Description

Safety Mode is one of the more important parts of our FDIR architecture. Safety mode is essentially designed to keep the satellite alive when a fault occurs that has the potential of impacting the satellite on a subsystem or system level. Without safety mode, the satellite, and by extension the mission is at a high risk of failing.

The diagram below is a good summary of our fault management system:

Untitled

The housekeeping service (a FreeRTOS thread) will continuously poll the handlers (4 different FreeRTOS threads) to check if there are any errors with the different subsystems. If there is an error, the housekeeping service will make a decision whether to execute unit-level safety functions (which the handlers will execute automatically) or raise this error up to the Command Service. This decision matrix is based off of results from an FMECA analysis done by Mission Operations and @Eesa Aamer, which quantifies the criticality of certain satellite faults. If the error is deemed to potentially have an impact that will affect multiple subsystems or the satellite as a whole, then the housekeeping service will raise this error up to the Command Service. The Command Service (which is in charge of all satellite operations) will then put the satellite into Safety Mode.
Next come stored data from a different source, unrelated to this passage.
(* Let $f$ be an adaptive submodular utility function (see context). Then for every partial realization $\psi$, the set function $g_\psi:2^{V\setminus\mathrm{dom}(\psi)}\to\mathbb{R}_{\ge0}$ defined by $g_\psi(S)=\mathbb{E}[f(\mathrm{dom}(\psi)\cup S,\Phi)\mid\Phi\succeq\psi]$ is submodular.
   Context: $V$ is a finite set of items; each item $e$ has a random state $\Phi(e)$ in a set $O$; a realization is a map $\phi:V\to O$ and the random realization $\Phi$ has a known prior $p(\phi)=\Pr[\Phi=\phi]$. A partial realization $\psi$ is a map from a subset $\mathrm{dom}(\psi)\subseteq V$ to $O$; $\phi\succeq\psi$ means $\phi$ agrees with $\psi$ on $\mathrm{dom}(\psi)$; $\psi\subseteq\psi'$ means $\mathrm{dom}(\psi)\subseteq\mathrm{dom}(\psi')$ and they agree on $\mathrm{dom}(\psi)$. The utility $f(S,\phi)\ge0$ is defined for $S\subseteq V$ and realizations $\phi$. The conditional expected marginal utility is $\Delta(e\mid\psi)=\mathbb{E}[f(\mathrm{dom}(\psi)\cup\{e\},\Phi)-f(\mathrm{dom}(\psi),\Phi)\mid\Phi\succeq\psi]$. $f$ is adaptive submodular if $\Delta(e\mid\psi)\ge\Delta(e\mid\psi')$ for all partial realizations $\psi\subseteq\psi'$ and all $e\in V\setminus\mathrm{dom}(\psi')$. Conditional expectations are taken over partial realizations with positive probability. *)

theory Defs
  imports "HOL-Probability.Probability"
begin

text \<open>Items are the elements of a finite type 'v (so V = UNIV), states live in type 'o.
  A realization is a total function 'v \<Rightarrow> 'o, the prior is a discrete distribution
  P :: ('v \<Rightarrow> 'o) pmf, and a partial realization is a map 'v \<rightharpoonup> 'o.\<close>

definition consistent :: "('v \<Rightarrow> 'o) \<Rightarrow> ('v \<rightharpoonup> 'o) \<Rightarrow> bool" where
  "consistent \<phi> \<psi> \<longleftrightarrow> (\<forall>x\<in>dom \<psi>. \<psi> x = Some (\<phi> x))"

definition cons_event :: "('v \<rightharpoonup> 'o) \<Rightarrow> ('v \<Rightarrow> 'o) set" where
  "cons_event \<psi> = {\<phi>. consistent \<phi> \<psi>}"

text \<open>Conditional expectation E[X(\<Phi>) | \<Phi> consistent with \<psi>] (meaningful when the event has
  positive probability).\<close>
definition cond_exp :: "('v \<Rightarrow> 'o) pmf \<Rightarrow> ('v \<rightharpoonup> 'o) \<Rightarrow> (('v \<Rightarrow> 'o) \<Rightarrow> real) \<Rightarrow> real" where
  "cond_exp P \<psi> X = measure_pmf.expectation (cond_pmf P (cons_event \<psi>)) X"

definition cond_marg :: "('v \<Rightarrow> 'o) pmf \<Rightarrow> ('v set \<Rightarrow> ('v \<Rightarrow> 'o) \<Rightarrow> real) \<Rightarrow> 'v \<Rightarrow> ('v \<rightharpoonup> 'o) \<Rightarrow> real" where
  "cond_marg P f e \<psi> = cond_exp P \<psi> (\<lambda>\<phi>. f (insert e (dom \<psi>)) \<phi> - f (dom \<psi>) \<phi>)"

definition adaptive_submodular :: "('v \<Rightarrow> 'o) pmf \<Rightarrow> ('v set \<Rightarrow> ('v \<Rightarrow> 'o) \<Rightarrow> real) \<Rightarrow> bool" where
  "adaptive_submodular P f \<longleftrightarrow>
     (\<forall>\<psi> \<psi>' e. \<psi> \<subseteq>\<^sub>m \<psi>' \<longrightarrow> measure_pmf.prob P (cons_event \<psi>) > 0 \<longrightarrow>
        measure_pmf.prob P (cons_event \<psi>') > 0 \<longrightarrow> e \<notin> dom \<psi>' \<longrightarrow>
        cond_marg P f e \<psi> \<ge> cond_marg P f e \<psi>')"

definition submodular_on :: "'a set \<Rightarrow> ('a set \<Rightarrow> real) \<Rightarrow> bool" where
  "submodular_on D g \<longleftrightarrow>
     (\<forall>A B. A \<subseteq> D \<longrightarrow> B \<subseteq> D \<longrightarrow> g (A \<union> B) + g (A \<inter> B) \<le> g A + g B)"

end

theory Submission
  imports Defs
begin

text \<open>Besides \<psi>, observe also the states of the items of B \<supseteq> A. By the tower property,
  E[f(dom \<psi> \<union> S, \<Phi>) | \<Phi> \<succeq> \<psi>] is the average, over \<phi> drawn given \<psi>, of the conditional
  expectation given \<psi> extended by \<phi> on B. Hence the gain of adding e to dom \<psi> \<union> B is the
  average of the conditional marginal gains \<Delta>(e | \<psi> extended by \<phi> on B), and likewise for A.
  The extension by \<phi> on A is contained in the extension by \<phi> on B, so adaptive
  submodularity compares these gains pointwise. The resulting diminishing returns amount to
  submodularity on the finite ground set.\<close>

lemma cond_pmf_cond_pmf:
  assumes "set_pmf p \<inter> A \<inter> B \<noteq> {}"
  shows "cond_pmf (cond_pmf p A) B = cond_pmf p (A \<inter> B)"
proof (rule pmf_eqI)
  fix x
  have A: "set_pmf p \<inter> A \<noteq> {}" and AB: "set_pmf p \<inter> (A \<inter> B) \<noteq> {}"
    using assms by auto
  then have B: "set_pmf (cond_pmf p A) \<inter> B \<noteq> {}"
    using assms by auto
  have "measure (measure_pmf (cond_pmf p A)) B = measure p (A \<inter> B) / measure p A"
    unfolding cond_pmf.rep_eq[OF A]
    by (subst measure_uniform_measure)
      (use A in \<open>auto simp: measure_pmf.emeasure_eq_measure measure_pmf_zero_iff\<close>)
  then show "pmf (cond_pmf (cond_pmf p A) B) x = pmf (cond_pmf p (A \<inter> B)) x"
    using A AB by (simp add: pmf_cond[OF B] pmf_cond[OF A] pmf_cond[OF AB] measure_pmf_zero_iff)
qed

lemma integrable_cond_pmf:
  fixes h :: "'a \<Rightarrow> 'b::{banach, second_countable_topology}"
  assumes h: "integrable (measure_pmf p) h" and A: "set_pmf p \<inter> A \<noteq> {}"
  shows "integrable (measure_pmf (cond_pmf p A)) h"
proof -
  have "(\<integral>\<^sup>+x. norm (h x) \<partial>measure_pmf (cond_pmf p A))
      = (\<integral>\<^sup>+x. ennreal (norm (h x)) * indicator A x \<partial>measure_pmf p) / emeasure (measure_pmf p) A"
    unfolding cond_pmf.rep_eq[OF A] by (rule nn_integral_uniform_measure) auto
  also have "\<dots> \<le> (\<integral>\<^sup>+x. norm (h x) \<partial>measure_pmf p) / emeasure (measure_pmf p) A"
    by (intro divide_right_mono_ennreal nn_integral_mono) (auto simp: indicator_def)
  also have "\<dots> < \<infinity>"
    using h A
    by (simp add: integrable_iff_bounded measure_pmf.emeasure_eq_measure measure_pmf_zero_iff
        divide_ennreal_def ennreal_mult_eq_top_iff flip: less_top)
  finally show ?thesis
    by (simp add: integrable_iff_bounded)
qed

text \<open>Tower property for conditioning on the value of k.\<close>
lemma has_bochner_integral_cond_pmf_fibres:
  fixes h :: "'a \<Rightarrow> real" and k :: "'a \<Rightarrow> 'b"
  assumes nonneg: "\<And>x. 0 \<le> h x" and h: "integrable (measure_pmf p) h"
  shows "has_bochner_integral (measure_pmf p)
    (\<lambda>y. measure_pmf.expectation (cond_pmf p {x. k x = k y}) h) (measure_pmf.expectation p h)"
proof (rule has_bochner_integral_nn_integral)
  have "(\<integral>\<^sup>+y. ennreal (measure_pmf.expectation (cond_pmf p {x. k x = k y}) h) \<partial>measure_pmf p)
      = (\<integral>\<^sup>+y. (\<integral>\<^sup>+x. h x \<partial>measure_pmf (cond_pmf p {x. k x = k y})) \<partial>measure_pmf p)"
  proof (rule nn_integral_cong_AE, unfold AE_measure_pmf_iff, intro ballI)
    fix y assume "y \<in> set_pmf p"
    then have "integrable (measure_pmf (cond_pmf p {x. k x = k y})) h"
      by (intro integrable_cond_pmf[OF h]) auto
    then show "ennreal (measure_pmf.expectation (cond_pmf p {x. k x = k y}) h)
        = (\<integral>\<^sup>+x. h x \<partial>measure_pmf (cond_pmf p {x. k x = k y}))"
      using nonneg by (simp add: nn_integral_eq_integral)
  qed
  also have "\<dots> = (\<integral>\<^sup>+x. h x \<partial>measure_pmf (bind_pmf p (\<lambda>y. cond_pmf p {x. k x = k y})))"
    by simp
  also have "bind_pmf p (\<lambda>y. cond_pmf p {x. k x = k y}) = p"
    by (rule bind_cond_pmf_cancel) (auto simp: eq_commute)
  also have "(\<integral>\<^sup>+x. h x \<partial>measure_pmf p) = ennreal (measure_pmf.expectation p h)"
    using h nonneg by (simp add: nn_integral_eq_integral)
  finally show "(\<integral>\<^sup>+y. ennreal (measure_pmf.expectation (cond_pmf p {x. k x = k y}) h) \<partial>measure_pmf p)
      = ennreal (measure_pmf.expectation p h)" .
qed (use nonneg in \<open>auto intro: integral_nonneg_AE\<close>)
When the satellite is in safety mode, it is in charge of doing two things:

Untitled

The first step is to try to keep the satellite alive until it can get into contact with the ground station. Since the satellite is orbiting the Earth, our ground station in Toronto will only have a few minutes each day to actively communicate with it. Hence, we need to make sure the satellite can take care of itself while its alone.

To do this, the satellite must maintain its power supply. The payload should be turned OFF and all other subsystems must be using as little power as possible. It should also ensure thermal safe status by polling thermistors on all critical components, to avoid any damage. To maintain a link to the ground, the receiver must be ON, and the flight software must verify this often. In order to get in contact with the ground, we must maintain nadir pointing attitude. Safety mode will need to regularly contact the ADCS module and potentially command it so that our antenna is always pointing towards the Earth. Finally, housekeeping should not stop in safety mode. We still need to poll each of the remaining subsystems for voltages, currents, temperatures, orbit data and altitude data to ensure the spacecraft is not in any immediate danger. Doing step one in most cases should be enough, as safety mode is meant to keep the satellite alive until the operations team on the ground can get into contact with it.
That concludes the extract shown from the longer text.